The flip-flop (and what it has changed at ROGUESTUDIO)
The change didn't happen overnight. The turning point came when we stopped trying to prove ourselves and started structuring ourselves.
Instead of accumulating skills to reduce uncertainty, we began to create frameworks to absorb complexity. Formalize our way of thinking. Clarify the way we decide. Defining our methods rather than operating on intuition alone. At ROGUESTUDIO, this has meant structuring our processes, clarifying roles, documenting methods, transforming individual reflexes into collective systems.
Imposter syndrome thrives on vagueness.
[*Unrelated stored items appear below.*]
lemma width_ratio_power_bound:
  fixes K L :: "'a::euclidean_space set"
  assumes K: "convex K" "compact K" and L: "convex L" "compact L" and "K \<subseteq> L"
    and L_pos: "measure lebesgue L > 0" and w: "w \<noteq> 0"
  shows "(1 - width w K / width w L) ^ DIM('a) \<le> 1 - measure lebesgue K / measure lebesgue L"
proof (cases "K = {}")
  case True
  then show ?thesis by (simp add: width_def)
next
  case False
  obtain p' q' where pq': "p' \<in> K" "q' \<in> K" and K_img: "(\<lambda>x. x \<bullet> w) ` K = {p' \<bullet> w .. q' \<bullet> w}"
    using inner_image_eq_interval[OF K(2,1) False] .
  obtain p q where pq: "p \<in> L" "q \<in> L" and L_img: "(\<lambda>x. x \<bullet> w) ` L = {p \<bullet> w .. q \<bullet> w}"
    using inner_image_eq_interval[OF L(2,1)] False \<open>K \<subseteq> L\<close> by blast
  have L_slab: "p \<bullet> w \<le> x \<bullet> w \<and> x \<bullet> w \<le> q \<bullet> w" if "x \<in> L" for x
    using L_img that by (metis atLeastAtMost_iff image_eqI)
  have K_slab: "p' \<bullet> w \<le> x \<bullet> w \<and> x \<bullet> w \<le> q' \<bullet> w" if "x \<in> K" for x
    using K_img that by (metis atLeastAtMost_iff image_eqI)
  have "p' \<bullet> w \<le> q' \<bullet> w" using K_slab pq'(1) by blast
  have "p \<bullet> w < q \<bullet> w"
  proof (rule ccontr)
    assume "\<not> p \<bullet> w < q \<bullet> w"
    then have "L \<subseteq> {x. w \<bullet> x = p \<bullet> w}"
      using L_slab by (force simp: inner_commute)
    then have "negligible L"
      using negligible_subset[OF negligible_hyperplane] w by blast
    with L_pos show False by (simp add: negligible_imp_measure0)
  qed
  define c where "c = 1 - width w K / width w L"
  have widths: "width w K = q' \<bullet> w - p' \<bullet> w" "width w L = q \<bullet> w - p \<bullet> w"
    using K_img L_img \<open>p' \<bullet> w \<le> q' \<bullet> w\<close> \<open>p \<bullet> w < q \<bullet> w\<close> by (simp_all add: width_def)
  have "p \<bullet> w \<le> p' \<bullet> w" "q' \<bullet> w \<le> q \<bullet> w"
    using L_slab pq' \<open>K \<subseteq> L\<close> by auto
  then have "0 \<le> c" "c * (q \<bullet> w - p \<bullet> w) = (p' \<bullet> w - p \<bullet> w) + (q \<bullet> w - q' \<bullet> w)"
    using \<open>p \<bullet> w < q \<bullet> w\<close> by (simp_all add: c_def widths field_simps)
  then have "measure lebesgue K + c ^ DIM('a) * measure lebesgue L \<le> measure lebesgue L"
    using measure_plus_homothets_le[OF L \<open>K \<subseteq> L\<close> lmeasurable_compact[OF K(2)] w pq L_slab
        \<open>p \<bullet> w < q \<bullet> w\<close> K_slab \<open>p' \<bullet> w \<le> q' \<bullet> w\<close>] by blast
  then show ?thesis
    using L_pos by (simp add: c_def field_simps)
qed
lemma smoothed_cone_interior_max:
  fixes u v :: "'a::euclidean_space \<Rightarrow> real"
  assumes sub: "visc_sub_comp U u v" and bound: "\<And>y. y \<in> U \<Longrightarrow> v y - u y \<le> N - 1"
    and "0 \<le> N" and "0 < \<epsilon>" and "\<epsilon> \<le> r\<^sup>2" and slope: "2 * N * r < a"
    and "cball x0 r \<subseteq> U" and "y \<in> ball x0 r"
    and max: "\<forall>z\<in>cball x0 r. u z - (a * sqrt ((dist z x0)\<^sup>2 + \<epsilon>) - N / 2 * (dist z x0)\<^sup>2)
      \<le> u y - (a * sqrt ((dist y x0)\<^sup>2 + \<epsilon>) - N / 2 * (dist y x0)\<^sup>2)"
  shows "((dist y x0)\<^sup>2 + \<epsilon>) * sqrt ((dist y x0)\<^sup>2 + \<epsilon>) \<le> a * \<epsilon>"
proof -
  have "(dist y x0)\<^sup>2 \<le> r\<^sup>2"
    using \<open>y \<in> ball x0 r\<close> by (intro power_mono) (auto simp: dist_commute)
  moreover have "(2 * r)\<^sup>2 = 4 * r\<^sup>2"
    by (simp add: power_mult_distrib)
  ultimately have "(dist y x0)\<^sup>2 + \<epsilon> \<le> (2 * r)\<^sup>2"
    using \<open>\<epsilon> \<le> r\<^sup>2\<close> zero_le_power2[of r] by linarith
  then have "sqrt ((dist y x0)\<^sup>2 + \<epsilon>) \<le> 2 * r"
    using \<open>y \<in> ball x0 r\<close> by (intro real_le_lsqrt) (auto intro: order_trans[OF zero_le_dist] less_imp_le)
  then have "N * sqrt ((dist y x0)\<^sup>2 + \<epsilon>) < a"
    using slope \<open>0 \<le> N\<close> mult_left_mono[of _ "2 * r" N] by fastforce
  moreover have "y \<in> U"
    using \<open>y \<in> ball x0 r\<close> \<open>cball x0 r \<subseteq> U\<close> by auto
  ultimately show ?thesis
    using smoothed_cone_test[OF sub bound \<open>0 < \<epsilon>\<close>] local_max_on_if_max_on_cball[OF \<open>y \<in> ball x0 r\<close> max]
    by blast
qed
lemma closest_point_translated_subspace_orthogonal:
  fixes T :: "'a::euclidean_space set"
  assumes T: "subspace T" and t: "t \<in> T"
  shows "inner (x - closest_point ((\<lambda>v. a + v) ` T) x) t = 0"
proof -
  let ?S = "(\<lambda>v. a + v) ` T"
  let ?c = "closest_point ?S x"
  have S: "convex ?S" "closed ?S" "?S \<noteq> {}" using translated_subspace[OF T] by blast+
  obtain v where v: "v \<in> T" "?c = a + v" using closest_point_in_set[OF S(2,3)] by blast
  have plus: "?c + t \<in> ?S"
    using v t T by (auto intro!: image_eqI[of _ _ "v + t"] subspace_add)
  have minus: "?c - t \<in> ?S"
    using v t T by (auto intro!: image_eqI[of _ _ "v - t"] subspace_diff)
  from closest_point_dot[OF S(1,2) plus, of x] closest_point_dot[OF S(1,2) minus, of x]
  show ?thesis by (simp add: inner_minus_right)
qed

lemma closest_point_isometry:
  assumes "convex S" "closed S" "S \<noteq> {}" "A ` S = S" "\<And>x y. dist (A x) (A y) = dist x y"
  shows "closest_point S (A x) = A (closest_point S x)"
proof -
  have "A (closest_point S x) = closest_point S (A x)"
  proof (rule closest_point_unique[OF assms(1,2)])
    show "A (closest_point S x) \<in> S"
      using assms closest_point_in_set[of S x] by blast
    show "\<forall>z\<in>S. dist (A x) (A (closest_point S x)) \<le> dist (A x) z"
    proof
      fix z assume "z \<in> S"
      then obtain w where "w \<in> S" "z = A w" using assms(4) by blast
      then show "dist (A x) (A (closest_point S x)) \<le> dist (A x) z"
        using closest_point_le[OF assms(2)] by (simp add: assms(5))
    qed
  qed
  then show ?thesis ..
qed

lemma dist_closest_point_le:
  assumes "convex S" "closed S" "s \<in> S"
  shows "dist (closest_point S x) s \<le> dist x s"
  using closest_point_lipschitz[OF assms(1,2), of x s] assms(3) by (auto simp: closest_point_self)

lemma has_vector_derivative_imp_difference_quotient:
  fixes \<gamma> :: "real \<Rightarrow> 'a::real_normed_vector"
  assumes "(\<gamma> has_vector_derivative v) (at 0)"
  shows "((\<lambda>t. (1/t) *\<^sub>R (\<gamma> t - \<gamma> 0)) \<longlongrightarrow> v) (at 0)"
proof -
  have "((\<lambda>t. norm (\<gamma> t - \<gamma> 0 - (t - 0) *\<^sub>R v) / norm (t - 0)) \<longlongrightarrow> 0) (at 0)"
    using assms[unfolded has_vector_derivative_def has_derivative_iff_norm] by (rule conjunct2)
  moreover have "\<forall>\<^sub>F t in at 0.
      norm (\<gamma> t - \<gamma> 0 - (t - 0) *\<^sub>R v) / norm (t - 0) = norm ((1/t) *\<^sub>R (\<gamma> t - \<gamma> 0) - v)"
    unfolding eventually_at_filter
  proof (rule always_eventually, intro allI impI)
    fix t :: real assume "t \<noteq> 0"
    have "(1/t) *\<^sub>R (\<gamma> t - \<gamma> 0) - v = (1/t) *\<^sub>R (\<gamma> t - \<gamma> 0 - t *\<^sub>R v)"
      using \<open>t \<noteq> 0\<close> by (simp add: scaleR_diff_right)
    then show "norm (\<gamma> t - \<gamma> 0 - (t - 0) *\<^sub>R v) / norm (t - 0) = norm ((1/t) *\<^sub>R (\<gamma> t - \<gamma> 0) - v)"
      by (simp add: divide_inverse_commute abs_inverse)
  qed
  ultimately have "((\<lambda>t. norm ((1/t) *\<^sub>R (\<gamma> t - \<gamma> 0) - v)) \<longlongrightarrow> 0) (at 0)"
    by (rule Lim_transform_eventually)
  then show ?thesis by (simp add: tendsto_norm_zero_iff LIM_zero_cancel)
qed

lemma has_vector_derivative_compose:
  assumes "(\<gamma> has_vector_derivative v) (at 0)" "(f has_derivative f') (at (\<gamma> 0))"
  shows "((\<lambda>t. f (\<gamma> t)) has_vector_derivative f' v) (at 0)"
proof -
  have "((f \<circ> \<gamma>) has_derivative (f' \<circ> (\<lambda>t. t *\<^sub>R v))) (at 0)"
    using assms unfolding has_vector_derivative_def by (rule diff_chain_at)
  moreover have "f' \<circ> (\<lambda>t. t *\<^sub>R v) = (\<lambda>t. t *\<^sub>R f' v)"
    using linear_scale[OF has_derivative_linear[OF assms(2)]] by (simp add: fun_eq_iff)
  ultimately show ?thesis unfolding has_vector_derivative_def by (simp add: o_def)
qed

lemma continuous_derivative_imp_uniform_linearization:
  fixes f :: "'a::real_normed_vector \<Rightarrow> 'b::real_normed_vector"
  assumes "open U" "x0 \<in> U"
    and deriv: "\<And>x. x \<in> U \<Longrightarrow> (f has_derivative blinfun_apply (F x)) (at x)"
    and "continuous_on U F" and "e > 0"
  shows "\<exists>r>0. ball x0 r \<subseteq> U \<and>
           (\<forall>a\<in>ball x0 r. \<forall>b\<in>ball x0 r. norm (f b - f a - F x0 (b - a)) \<le> e * norm (b - a))"
proof -
  obtain r1 where r1: "r1 > 0" "\<And>x. x \<in> U \<Longrightarrow> dist x x0 < r1 \<Longrightarrow> dist (F x) (F x0) < e"
    using assms(2,4,5) unfolding continuous_on_iff by metis
  obtain r2 where r2: "r2 > 0" "ball x0 r2 \<subseteq> U" using assms(1,2) open_contains_ball by blast
  define r where "r = min r1 r2"
  have ball: "ball x0 r \<subseteq> U" using r2 by (auto simp: r_def)
  have "norm (f b - f a - F x0 (b - a)) \<le> e * norm (b - a)" if "a \<in> ball x0 r" "b \<in> ball x0 r" for a b
  proof -
    have "norm (f b - f a - F x0 (b - a)) \<le> norm (b - a) * e"
    proof (rule differentiable_bound_linearization[where S = "ball x0 r"])
      show "a + t *\<^sub>R (b - a) \<in> ball x0 r" if "t \<in> {0..1}" for t
        using convexD_alt[OF convex_ball \<open>a \<in> ball x0 r\<close> \<open>b \<in> ball x0 r\<close>, of t] that
        by (simp add: algebra_simps)
      show "(f has_derivative blinfun_apply (F x)) (at x within ball x0 r)" if "x \<in> ball x0 r" for x
        using deriv ball that by (blast intro: has_derivative_at_withinI)
      show "onorm (blinfun_apply (F x) - blinfun_apply (F x0)) \<le> e" if "x \<in> ball x0 r" for x
      proof -
        have "dist (F x) (F x0) < e" using r1(2)[of x] ball that by (auto simp: r_def dist_commute)
        moreover have "blinfun_apply (F x) - blinfun_apply (F x0) = blinfun_apply (F x - F x0)"
          by (simp add: fun_eq_iff blinfun.diff_left)
        ultimately show ?thesis by (simp add: dist_norm norm_blinfun.rep_eq)
      qed
      show "x0 \<in> ball x0 r" using r1 r2 by (simp add: r_def)
    qed
    then show ?thesis by (simp add: mult.commute)
  qed
  then show ?thesis using ball r1 r2 by (intro exI[of _ r]) (auto simp: r_def)
qed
It shrinks in clarity.
As the agency became more structured, my doubts diminished. Not because I knew more, but because I knew where I was needed. Authority no longer came from demonstration, but from consistency.
We don't wait to feel legitimate. We act in spite of doubt, not after it's gone. And it's exactly this principle that guides the way we work with our customers at ROGUESTUDIO today. We don't try to be impressive. We seek to be clear, coherent, structuring. For them and for us.
Doubt remains a useful signal. It indicates that a new threshold is being crossed. The difference is that it is no longer interpreted as proof of incompetence. It has become an indicator of expansion. And since we've understood this, it has ceased to be a brake.